Path: utzoo!utgpu!jarvis.csri.toronto.edu!mailrus!iuvax!rutgers!apple!voder!berlioz!nelson
From: nelson@berlioz (Ted Nelson)
Newsgroups: comp.arch
Subject: Re: SISC
Summary: Pipelining it would be easy?
Message-ID: <184@berlioz.nsc.com>
Date: 6 May 89 16:51:50 GMT
Reply-To: nelson@berlioz.UUCP (Ted Nelson)
Distribution: usa
Organization: National Semiconductor, Santa Clara
Lines: 60


I am fascinated by the entire concept of a single instruction computer, and
  I feel it is possible that this idea will make it to market as a extremely
  low-cost general-purpose processor.  Of course, an entire generation of
  software tools will have to be rethought;  for one, self-modifying code
  will become a much more powerful (necessary?) method.

But the memory dependence is extremely high.

The van der Poel instruction requires 3 operand fetches, 2 data reads, and
  one data write.  Assuming that these cannot take place concurrently, that
  we have a system based on 100ns memory, and ignoring all other factors,
  each instruction takes 600ns.  This instruction rate is about equivalent
  to a 12 Mhz 68000, but each instruction is considerably less powerful.

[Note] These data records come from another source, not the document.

lemma swss_opt_value_dual_weights:
  assumes k0: "in_RG E k0" "\<And>j. (\<Sum>i\<in>{i. (i, j) \<in> E}. k0 i j) = th j"
      "\<And>i. (\<Sum>j\<in>{j. (i, j) \<in> E}. mu i j * k0 i j) = lh i - hh i"
    and p_pos: "\<And>i. p i > 0"
  shows "swss_opt_value E lh mu th p
    (- ((\<chi> i. 1) \<bullet> (matrix_inv (B1mat E mu jh) *v (\<chi> i. hh i)))
      / ((\<chi> i. 1) \<bullet> (matrix_inv (B1mat E mu jh) *v (\<chi> i. p i))))"
proof -
  let ?y = "dual_weights E mu jh"
  have yp: "(\<Sum>i\<in>UNIV. ?y $ i * p i) > 0"
    using dual_weights_pos p_pos by (intro sum_pos) auto
  have "w \<le> - (\<Sum>i\<in>UNIV. ?y $ i * hh i) / (\<Sum>i\<in>UNIV. ?y $ i * p i)"
    if "swss_feasible E lh mu th p w" for w
    using swss_feasible_le[OF k0 that] by (subst pos_le_divide_eq[OF yp])
  moreover have "swss_feasible E lh mu th p (- (\<Sum>i\<in>UNIV. ?y $ i * hh i) / (\<Sum>i\<in>UNIV. ?y $ i * p i))"
    using swss_feasible_dual_value[OF k0] p_pos by blast
  moreover have "(\<chi> i. 1) \<bullet> (matrix_inv (B1mat E mu jh) *v (\<chi> i. f i)) = (\<Sum>i\<in>UNIV. ?y $ i * f i)" for f
    by (simp only: inner_ones_matrix_inv_B1mat) (simp add: inner_vec_def)
  ultimately show ?thesis by (simp add: swss_opt_value_def)
qed

end

lemma swss_opt_value_of_allocation:
  fixes E :: "('i::finite \<times> 'j::finite) set"
  assumes tree: "bip_tree E" and mu_pos: "\<And>i j. (i, j) \<in> E \<Longrightarrow> mu i j > 0"
    and xs: "in_RG E xs" and xs_cols: "\<And>j. (\<Sum>i\<in>{i. (i, j) \<in> E}. xs i j) = 1"
    and hh: "\<And>i. lh i - hh i = (\<Sum>j\<in>{j. (i, j) \<in> E}. mu i j * xs i j * nuh j + muh i j * (xs i j * nu j))"
    and p_pos: "\<And>i. p i > 0"
  shows "swss_opt_value E lh mu (\<lambda>j. nuh j + (\<Sum>i\<in>{i. (i, j) \<in> E}. muh i j / mu i j * (xs i j * nu j))) p
    (- ((\<chi> i. 1) \<bullet> (matrix_inv (B1mat E mu jh) *v (\<chi> i. hh i)))
      / ((\<chi> i. 1) \<bullet> (matrix_inv (B1mat E mu jh) *v (\<chi> i. p i))))"
proof (rule swss_opt_value_dual_weights[OF tree mu_pos _ _ _ p_pos])
  define k0 where "k0 i j = (if (i, j) \<in> E then xs i j * nuh j + muh i j / mu i j * (xs i j * nu j) else 0)"
    for i j
  show "in_RG E k0" by (simp add: in_RG_def k0_def)
  show "(\<Sum>i\<in>{i. (i, j) \<in> E}. k0 i j) = nuh j + (\<Sum>i\<in>{i. (i, j) \<in> E}. muh i j / mu i j * (xs i j * nu j))"
    for j
    using xs_cols[of j] by (simp add: k0_def sum.distrib sum_distrib_right[symmetric])
  show "(\<Sum>j\<in>{j. (i, j) \<in> E}. mu i j * k0 i j) = lh i - hh i" for i
    unfolding hh using mu_pos by (intro sum.cong) (auto simp: k0_def field_simps less_imp_neq[symmetric])
qed

text \<open>In the \<open>n\<close>-th system the row defect of the allocation-based \<open>\<kappa>\<close> is the drift \<open>h\<^sup>n\<close>;
  this uses \<open>\<lambda>\<^sub>i = \<Sum>\<^sub>j \<mu>\<^sub>i\<^sub>j \<nu>\<^sub>j \<xi>\<^sup>*\<^sub>i\<^sub>j\<close>.\<close>

lemma scaled_row_defect_eq:
  fixes n :: nat and J :: "'j set"
  assumes "n \<ge> 1" and lam: "(\<Sum>j\<in>J. mu j * nu j * x j) = lam"
  shows "(lamn - real n * lam) / sqrt (real n) - (lamn - (\<Sum>j\<in>J. mun j * x j * real (N j))) / sqrt (real n)
    = (\<Sum>j\<in>J. mun j * x j * (sqrt (real n) * (real (N j) / real n - nu j))
        + sqrt (real n) * (mun j - mu j) * (x j * nu j))"
proof -
  define s where "s = sqrt (real n)"
  have s: "s > 0" "real n = s * s" using assms(1) by (simp_all add: s_def)
  have "mun j * x j * (s * (real (N j) / real n - nu j)) + s * (mun j - mu j) * (x j * nu j)
      = mun j * x j * real (N j) / s - s * (mu j * nu j * x j)" for j
    using s by (simp add: field_simps)
  then have "(\<Sum>j\<in>J. mun j * x j * (s * (real (N j) / real n - nu j)) + s * (mun j - mu j) * (x j * nu j))
      = (\<Sum>j\<in>J. mun j * x j * real (N j)) / s - s * lam"
    unfolding lam[symmetric] by (simp add: sum_subtractf sum_divide_distrib sum_distrib_left)
  also have "\<dots> = (lamn - real n * lam) / s - (lamn - (\<Sum>j\<in>J. mun j * x j * real (N j))) / s"
    using s by (simp add: field_simps)
  finally show ?thesis by (simp add: s_def)
qed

First idea:  Since the operand fetches are in adjacent words, we can fetch
  them at the same time using triple-interleaved memory (this will require
  a bit more logic than typical interleaving) and three separate buses
  on the processor -- which is no problem since they are independent.  We
  could also take care of the data reads in the same way by putting a
  (severe?) restriction on the software (a la RISC "let the compiler deal
  with it") that operands cannot be of the same modulus 3.  So using this
  idea, we get each instruction's memory access time down to 300 ns --
  twice the throughput.

Second obvious idea:  Pipeline the sucker.  I only have a basic understanding
  of pipelines, but it seems to me that a straight three or four stage
  pipe cannot work because of the memory conflict -- the fetch (F), read (R),
  and write (W) stages cannot operate concurrently.  So let me propose
  two more stages:  Computation (C) {essentially the subtract} and Branch (B)
  computation based on the condition code (the only condition code, Negative).
  The stages operate FRCWB, and in operation will be as follows:

          F R C W B
              F R C W B
                  F R C W B

As you can see, we still have a memory conflict between the Write of the
  "current" instruction and the Read of the next instruction.  My first
  reaction was to add another software restriction in that the Write and
  the two Reads had to have addresses of different modulus 3.  But I think
  that this is too severe and renders it unusable -- this is too much for
  the compiler to handle.  Or is it?

Can anyone come up with a better pipelining scheme?  Or anyway of improving
  the performance?  Keep in mind that the market for this is as a very
  low cost processor, so the problem cannot be solved by using dual-port
  RAM.  Unless, of course, dual-port RAM drops considerably in price.

Or we could use National Semiconductor's new memory product:  1 Megabit
  Write-Only Memory (WOM).  This is extremely inexpensive, has an access
  time of only 10 ns, and will be available in a dual-port version in only
  a few months.  If you wish to order any of this great part, pleast
  contact me directly -- it is such a secret project that we haven't let
  Marketing in on it yet.

-- Ted.

"When comes The Revolution, things will be different!
    Not better.  Just different."